Numerical Methods with Programming

x = 1:7;
y = [1 3 2 4 4 1 5];
s = spline(x, y);
disp(s.coefs)

t = linspace(min(x), max(x), 1000);
plot(t, ppval(s, t))

t = linspace(min(x), max(x), 1000);
plot(t, spline(x, y, t))

plot(t, spline(x, y, t), x, y, 'r*')

How else could we use the spline data? The formula (23.2.1) shows that \(S'(x_k) = C_k\text{,}\) which is the entry of the 3rd column of matrix s.coefs. Try s.coefs(:, 3)' and compare the values with the slope of the spline at the data points. This is another approach to numerical differentiation, different from what we did in Chapter 12: given discrete data, fit a spline to it and differentiate the spline.
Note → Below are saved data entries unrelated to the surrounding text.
text \<open>Let \<open>N = |C|\<close> and fix a vertex \<open>a0\<close> of \<open>A\<close>. An embedding \<open>f\<close> of \<open>A\<close> into \<open>C\<close> is determined by its
restriction \<open>g\<close> to \<open>A - {a0}\<close> (an injective \<open>g\<close>, of which there are at most \<open>N\<^sup>r\<^sup>-\<^sup>1\<close>) together
with the image \<open>v\<close> of \<open>a0\<close>. For every such \<open>g\<close> add one fresh copy of the vertices of
\<open>B - A\<close>; for every admissible \<open>v\<close> add the image of \<open>B\<close> under the map sending \<open>a0\<close> to \<open>v\<close>,
\<open>A - {a0}\<close> along \<open>g\<close> and \<open>B - A\<close> to the copy of \<open>g\<close>. All the copies of \<open>B\<close> for one \<open>g\<close>
share their new vertices, so only \<open>N\<^sup>r\<^sup>-\<^sup>1 |B|\<close> vertices are added; an edge meeting the copy of \<open>g\<close>
remembers \<open>g\<close>, and the images of \<open>a0\<close> avoid the range of \<open>g\<close>, which keeps each extension
an induced embedding.\<close>

lemma ex_inj_on_avoiding:
  fixes P :: "'a set" and V :: "nat set"
  assumes "finite P" "finite V"
  obtains e :: "'a \<Rightarrow> nat" where "inj_on e P" "e ` P \<inter> V = {}"
proof -
  obtain e0 :: "'a \<Rightarrow> nat" where e0: "inj_on e0 P"
    using finite_imp_inj_to_nat_seg[OF assms(1)] by metis
  define M where "M = Suc (Max (insert 0 V))"
  have "x < M" if "x \<in> V" for x
    using assms(2) that unfolding M_def by (simp add: le_imp_less_Suc)
  then have "(\<lambda>p. M + e0 p) ` P \<inter> V = {}" by fastforce
  moreover have "inj_on (\<lambda>p. M + e0 p) P" using e0 by (simp add: inj_on_def)
  ultimately show thesis using that by blast
qed

locale extension_construction =
  fixes r :: nat and A B C :: hg and a0 :: nat and fresh :: "(nat \<Rightarrow> nat) \<times> nat \<Rightarrow> nat"
  assumes B_unif: "unif_hg r B" and C_unif: "unif_hg r C"
    and A_sub_B: "substructure A B" and a0_in_A: "a0 \<in> verts A"
    and fresh_inj: "inj_on fresh (((verts A - {a0}) \<rightarrow>\<^sub>E verts C) \<times> (verts B - verts A))"
    and fresh_disjoint: "fresh ` (((verts A - {a0}) \<rightarrow>\<^sub>E verts C) \<times> (verts B - verts A)) \<inter> verts C = {}"
begin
Looking at the coefficients, we can also find the critical points of a spline, answering the question raised at the end of Section 23.1. Indeed, we have \(A, B, C, D\) coefficients of a cubic polynomial, so its derivative is a quadratic polynomial with coefficients \(3A, 2B, C\text{.}\) We can find its roots with roots but one must be careful to check if a root indeed falls into the subinterval on which this polynomial is used.

x = 1:7;
y = [1 3 2 4 4 1 5];

s = spline(x, y);
critpts = [];
for k=1:numel(x)-1
    r = roots([3 2 1].*s.coefs(k, 1:3));
    for j = 1:numel(r)
        if isreal(r(j)) && r(j) >= 0 && r(j) <= x(k+1)-x(k)
            critpts = [critpts, x(k)+r(j)];
        end
    end
end
t = linspace(min(x), max(x), 1000);
plot(t, ppval(s, t), x, y, 'r+', critpts, ppval(s, critpts), 'k*')